(* Let $d\ge1$, $L\ge1$. For every sequence $(x_t)\subseteq[-1,1]^d$, every $f^\star\in\mathcal{H}_L$ with $y_t=f^\star(x_t)$, and every horizon $T\ge2$, the envelope strategy satisfies $\sum_{t=1}^T|y_t-\hat y_t|^d\le 8^dL^d(1+\log T)$.
   Context: $\mathcal{H}_L$ is the set of functions $h:[-1,1]^d\to[0,1]$ with $|h(x)-h(x')|\le L\|x-x'\|_\infty$. Envelope strategy: at round $t$, with past data $(x_s,y_s)_{s<t}$, define $\underline h_t(x)=\max\{0,\max_{s<t}(y_s-L\|x-x_s\|_\infty)\}$ and $\overline h_t(x)=\min\{1,\min_{s<t}(y_s+L\|x-x_s\|_\infty)\}$ (with $\max_{\emptyset}=-\infty$, $\min_\emptyset=+\infty$), and predict $\hat y_t=\frac12(\underline h_t(x_t)+\overline h_t(x_t))$. $\log$ is the natural logarithm. *)

theory Defs
  imports "HOL-Analysis.Analysis"
begin

definition linf_dist :: "real ^ 'd \<Rightarrow> real ^ 'd \<Rightarrow> real" where
  "linf_dist x x' = Max ((\<lambda>i. \<bar>x $ i - x' $ i\<bar>) ` UNIV)"

definition cube :: "(real ^ 'd) set" where
  "cube = {x. \<forall>i. -1 \<le> x $ i \<and> x $ i \<le> 1}"

definition lip_class :: "real \<Rightarrow> (real ^ 'd \<Rightarrow> real) set" where
  "lip_class L = {h. (\<forall>x\<in>cube. 0 \<le> h x \<and> h x \<le> 1) \<and>
     (\<forall>x\<in>cube. \<forall>x'\<in>cube. \<bar>h x - h x'\<bar> \<le> L * linf_dist x x')}"

text \<open>Envelopes at round t using past data (xs s, ys s) for 1 \<le> s < t.
  Empty max is -\<infinity> and empty min is +\<infinity>, so with no past data they are 0 and 1.\<close>
definition lower_env :: "real \<Rightarrow> (nat \<Rightarrow> real ^ 'd) \<Rightarrow> (nat \<Rightarrow> real) \<Rightarrow> nat \<Rightarrow> real ^ 'd \<Rightarrow> real" where
  "lower_env L xs ys t x =
     (if t \<le> 1 then 0
      else max 0 (Max ((\<lambda>s. ys s - L * linf_dist x (xs s)) ` {1..<t})))"

definition upper_env :: "real \<Rightarrow> (nat \<Rightarrow> real ^ 'd) \<Rightarrow> (nat \<Rightarrow> real) \<Rightarrow> nat \<Rightarrow> real ^ 'd \<Rightarrow> real" where
  "upper_env L xs ys t x =
     (if t \<le> 1 then 1
      else min 1 (Min ((\<lambda>s. ys s + L * linf_dist x (xs s)) ` {1..<t})))"

definition envelope_pred :: "real \<Rightarrow> (nat \<Rightarrow> real ^ 'd) \<Rightarrow> (nat \<Rightarrow> real) \<Rightarrow> nat \<Rightarrow> real" where
  "envelope_pred L xs ys t =
     (lower_env L xs ys t (xs t) + upper_env L xs ys t (xs t)) / 2"

end

theory Submission
  imports Defs
begin

text \<open>For s < t both envelopes at x_t lie within L |x_t - x_s| of y_s, so the
  error of the midpoint prediction at round t is at most L times the distance from x_t to every
  earlier query, and at most 1/2. Hence the rounds with error at least \<delta> query (\<delta>/L)-separated
  points of the cube, and there are at most (3L/\<delta>)^d of them. If the errors are sorted
  decreasingly, the k-th one therefore has d-th power at most (3L)^d/k, and summing over k
  gives (3L)^d H_T \<le> (3L)^d (1 + log T).\<close>

lemma harm_le_one_plus_ln:
  assumes "n > 0"
  shows "harm n \<le> 1 + ln (real n)"
  using euler_mascheroni_sequence_decreasing[of 1 n] assms by (simp add: harm_def)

> _TO DO_: The required answer is the exact run of lines above starting at the line with "else max 0 (Max" and ending at the line with "(if t \<le> 1 then 1", with both ends present.

> _ANSWER BELOW_:
      else max 0 (Max ((\<lambda>s. ys s - L * linf_dist x (xs s)) ` {1..<t})))"

definition upper_env :: "real \<Rightarrow> (nat \<Rightarrow> real ^ 'd) \<Rightarrow> (nat \<Rightarrow> real) \<Rightarrow> nat \<Rightarrow> real ^ 'd \<Rightarrow> real" where
  "upper_env L xs ys t x =
     (if t \<le> 1 then 1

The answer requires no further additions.